70. The immunoglobulin G-degrading enzyme polypeptide for use according to claims 67 to 69, wherein the immunoglobulin G-degrading enzyme polypeptide comprises one sequence of SEQ ID NOs: 3-18, 23, or 48.
71. The immunoglobulin G-degrading enzyme polypeptide for use according to claim 70, further comprising one non-natural signal sequence from SEQ ID NOs: 49 to 51.
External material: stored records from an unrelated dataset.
(* Let $\ell>0$ and $\gamma\in\Sigma^\ell$ with length $\mathscr{L}(\gamma)=L$. Then its arclength parametrization $\Gamma:\mathbb{R}/L\mathbb{Z}\to\mathbb{R}^3$ (starting at $\Gamma(0)=\gamma(0)$, with the same orientation) is also $D_2$-symmetric, i.e. $\Gamma\in\Sigma^L$.
   Context: $R_0=\mathrm{Id}$, $R_1=\mathrm{diag}(1,-1,-1)$, $R_2=\mathrm{diag}(-1,1,-1)$, $R_3=\mathrm{diag}(-1,-1,1)$. For $\ell>0$, on $\mathbb{R}/\ell\mathbb{Z}$: $\psi_0^\ell(t)=t$, $\psi_1^\ell(t)=-t+\ell/2$, $\psi_2^\ell(t)=t-\ell/2$, $\psi_3^\ell(t)=-t+\ell$ (mod $\ell$); $\tau^\ell_{d_i}(\gamma)(t)=R_i\gamma(\psi_i^\ell(t))$. $\Sigma^\ell=\{\gamma\in C^0(\mathbb{R}/\ell\mathbb{Z},\mathbb{R}^3):0<\mathscr{L}(\gamma)<\infty,\ \tau^\ell_{d_i}(\gamma)=\gamma,\ i=0,1,2,3\}$, $\mathscr{L}$ denoting length. *)

theory Defs
  imports "HOL-Analysis.Analysis"
begin

text \<open>Curves on R/lZ are represented as l-periodic functions on the real line.\<close>

definition periodic_on_R :: "real \<Rightarrow> (real \<Rightarrow> 'a) \<Rightarrow> bool" where
  "periodic_on_R l g \<longleftrightarrow> (\<forall>t. g (t + l) = g t)"
(* Let $X$ be a Polish space, $\mathbf f=(f_n)_n$ a sequence of continuous real-valued functions on $X$ which is relatively compact in $\mathcal B_1(X)$, and $f$ a continuous function belonging to the pointwise closure of $\{f_n\}$. Then for every $L\in[\mathbb N]$: $L\in\mathcal L_{\mathbf f,f}$ if and only if the tree $S_L$ is well-founded.
   Context: $\mathcal B_1(X)$ is the set of real-valued Baire-1 functions on $X$; $(f_n)_n$ is relatively compact in $\mathcal B_1(X)$ if the closure of $\{f_n\}$ in $\mathbb R^X$ is compact and contained in $\mathcal B_1(X)$. $[\mathbb N]$ is the set of infinite subsets of $\mathbb N$; $\mathcal L_{\mathbf f,f}=\{L\in[\mathbb N]:(f_n)_{n\in L}\to f\text{ pointwise}\}$. Fix a compatible complete metric on $X$, a countable dense $D\subseteq X$ and an enumeration $(B_n)_n$ of all closed balls with centers in $D$ and rational radii. A finite sequence $w=(l_0,\dots,l_k)$ is acceptable if $B_{l_0}\supseteq\dots\supseteq B_{l_k}$ and $\mathrm{diam}(B_{l_i})\le\frac1{i+1}$ for all $i$; the empty sequence is acceptable. A tree on $\mathbb N\times\mathbb N$ is identified with a set of pairs $(s,w)$ of finite sequences of equal length closed under initial segments; well-founded means no infinite branch. For $d\in\mathbb N$, $S^d_L$ is the set of $(s,w)$ with $|s|=|w|=k$, $s=(n_0<\dots<n_{k-1})$ with $n_i\in L$, $w=(l_0,\dots,l_{k-1})$ acceptable, and $|f_{n_i}(z)-f(z)|>\frac1{d+1}$ for all $i<k$ and $z\in B_{l_i}$. $S_L$ consists of the empty pair together with all $(d^\frown s',d^\frown w')$ with $d\in\mathbb N$ and $(s',w')\in S^d_L$. *)

theory Defs
  imports "HOL-Analysis.Analysis"
begin

definition baire1 :: "('a::topological_space \<Rightarrow> real) \<Rightarrow> bool" where
  "baire1 g \<longleftrightarrow> (\<exists>h :: nat \<Rightarrow> 'a \<Rightarrow> real. (\<forall>n. continuous_on UNIV (h n))
                      \<and> (\<forall>x. (\<lambda>n. h n x) \<longlonglongrightarrow> g x))"

definition conv_sets :: "(nat \<Rightarrow> 'a \<Rightarrow> real) \<Rightarrow> ('a \<Rightarrow> real) \<Rightarrow> nat set set" where
  "conv_sets fs f = {L. infinite L \<and> (\<forall>x. (\<lambda>k. fs (enumerate L k) x) \<longlonglongrightarrow> f x)}"

definition acceptable :: "(nat \<Rightarrow> 'a::metric_space set) \<Rightarrow> nat list \<Rightarrow> bool" where
  "acceptable B w \<longleftrightarrow>
     (\<forall>i. Suc i < length w \<longrightarrow> B (w ! Suc i) \<subseteq> B (w ! i)) \<and>
     (\<forall>i < length w. diameter (B (w ! i)) \<le> 1 / (real i + 1))"
(* Let $f,g:\mathbb{R}^n\to[0,+\infty)$ and $h_1,h_2:\mathbb{R}^n\to\mathbb{R}$, let $C\subseteq\mathbb{R}^n$ be closed and convex, $\Omega:=\{x:g(x)\neq0\}$, $C\cap\Omega\neq\emptyset$, and assume: $f$ is convex; $g$ is differentiable with locally Lipschitz gradient; $h_1$ is differentiable with locally Lipschitz gradient; $h_2$ is convex. Let $F(x)=f^2(x)/g(x)+h_1(x)-h_2(x)$ for $x\in\Omega\cap C$ and $F(x)=+\infty$ otherwise, let $x^0\in\mathrm{dom}F$, and assume that $\mathcal{X}_0:=\{x\in\mathrm{dom}F:F(x)\le F(x^0)\}$ is compact. Then $m_g:=\inf\{g(x):x\in\mathcal{X}_0\}>0$, and there exists $\Delta>0$ such that, with $\mathcal{X}_\Delta:=\{x\in\mathbb{R}^n:\mathrm{dist}(x,\mathcal{X}_0)\le\Delta\}$: (i) $g(x)\ge m_g/2$ for all $x\in\mathcal{X}_\Delta$; (ii) $f$, $g$, $f/g$, $\nabla g$ and $\nabla h_1$ are globally Lipschitz continuous on $\mathcal{X}_\Delta$; (iii) $M_{\nabla g}:=\sup\{\|\nabla g(x)\|_2:x\in\mathcal{X}_\Delta\}$, $M_g:=\sup\{g(x):x\in\mathcal{X}_\Delta\}$ and $M_{f/g}:=\sup\{f(x)/g(x):x\in\mathcal{X}_\Delta\}$ are finite.
   Context: $\mathrm{dist}(x,S)=\inf\{\|x-y\|_2:y\in S\}$. *)

theory Defs
  imports "HOL-Analysis.Analysis"
begin

definition locally_lipschitz :: "('a::metric_space \<Rightarrow> 'b::metric_space) \<Rightarrow> bool" where
  "locally_lipschitz u \<longleftrightarrow> (\<forall>x. \<exists>e>0. \<exists>L. L-lipschitz_on (ball x e) u)"

definition lipschitz_on_set :: "'a::metric_space set \<Rightarrow> ('a \<Rightarrow> 'b::metric_space) \<Rightarrow> bool" where
  "lipschitz_on_set X u \<longleftrightarrow> (\<exists>L. L-lipschitz_on X u)"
72. Diseases treated by gene therapy vectors include proliferative disorders (cancer, tumors, dysplasia, etc.), Krigler-Najjar and Krigler-Najjar hepatic metabolic disorders, Friedreich's ataxia, infections, intoxication (e.g., tobacco, alcohol, or drugs), epilepsy, Canavan disease, adrenoleukodystrophy, viral diseases (e.g., hepatitis B or C virus, HIV-induced), herpes, retroviruses, etc. , hereditary disorders (myopathy such as cystic fibrosis, dystroglycanopathy, Duchenne myopathy or dystrophy, myotubular myopathy, hemophilia A, hemophilia B, sickle cell anemia, sickle cell disease, Fanconi anemia, diabetes mellitus, amyotrophic lateral sclerosis (ALS), myotubular myopathy, motor neuron diseases such as spinal muscular atrophy (SMA), spinal medullary muscular atrophy, or Charcott-Marie-dental disease, arthritis, severe combinations Immunoglobulin G-degrading enzyme polypeptides for use according to claims 67 to 71, selected from the group consisting of immunodeficiency disorders (RS-SCID, ADA-SCID, X-SCID, etc.), Wiscott-Aldrich syndrome, X-linked thrombocytopenia, X-linked congenital neutropenia, chronic granulomatous disease, etc.), coagulation factor deficiencies, cardiovascular diseases (retinitis pigmentosa), ischemia, dyslipidemia, homozygous familial hypercholesterolemia, etc.), eye diseases such as retinitis pigmentosa, Lieber congenital amaurosis, Lieber hereditary optic neuropathy, Stargardt disease, etc.; lysosomal storage disorders such as Sanfilippo syndrome; hyperbilirubinemia or Gilbert syndrome such as CN type I or II; glycogen storage disorders such as Fabry disease, GSDI, GSDII (Pompe disease), GSDIII, GSDIV, GSDV, GSDVI, GSDVII, GSDVIII, and fatal congenital glycogen storage disorders of the heart.
73. The immunoglobulin G-degrading polypeptide for use according to claims 67-72, wherein the vector comprises a therapeutic polynucleotide suitable for treating the disease described in claim 72.
74. A nucleic acid sequence encoding an immunoglobulin G-degrading enzyme polypeptide for use in treating diseases treated by gene therapy vectors in patients who require it.
75. An expression vector comprising a nucleic acid sequence encoding an immunoglobulin G-degrading enzyme polypeptide for use in treating diseases treated by gene therapy vectors in patients who require it.
76. A therapeutic composition for use in the treatment of a disease treated by a gene therapy vector for a patient in need thereof, comprising an immunoglobulin G-degrading enzyme polypeptide comprising any sequence of SEQ ID NOs: 3-18, 23, or 48; a nucleic acid sequence encoding an immunoglobulin G-degrading enzyme polypeptide comprising any sequence of SEQ ID NOs: 3-18, 23, or 48; or an expression vector comprising a nucleic acid sequence encoding an immunoglobulin G-degrading enzyme polypeptide comprising any sequence of SEQ ID NOs: 3-18, 23, or 48.
77. A method for treating a disease treated by a gene therapy vector, comprising administering a therapeutically effective amount of immunoglobulin G-degrading enzyme polypeptide to a subject in need thereof.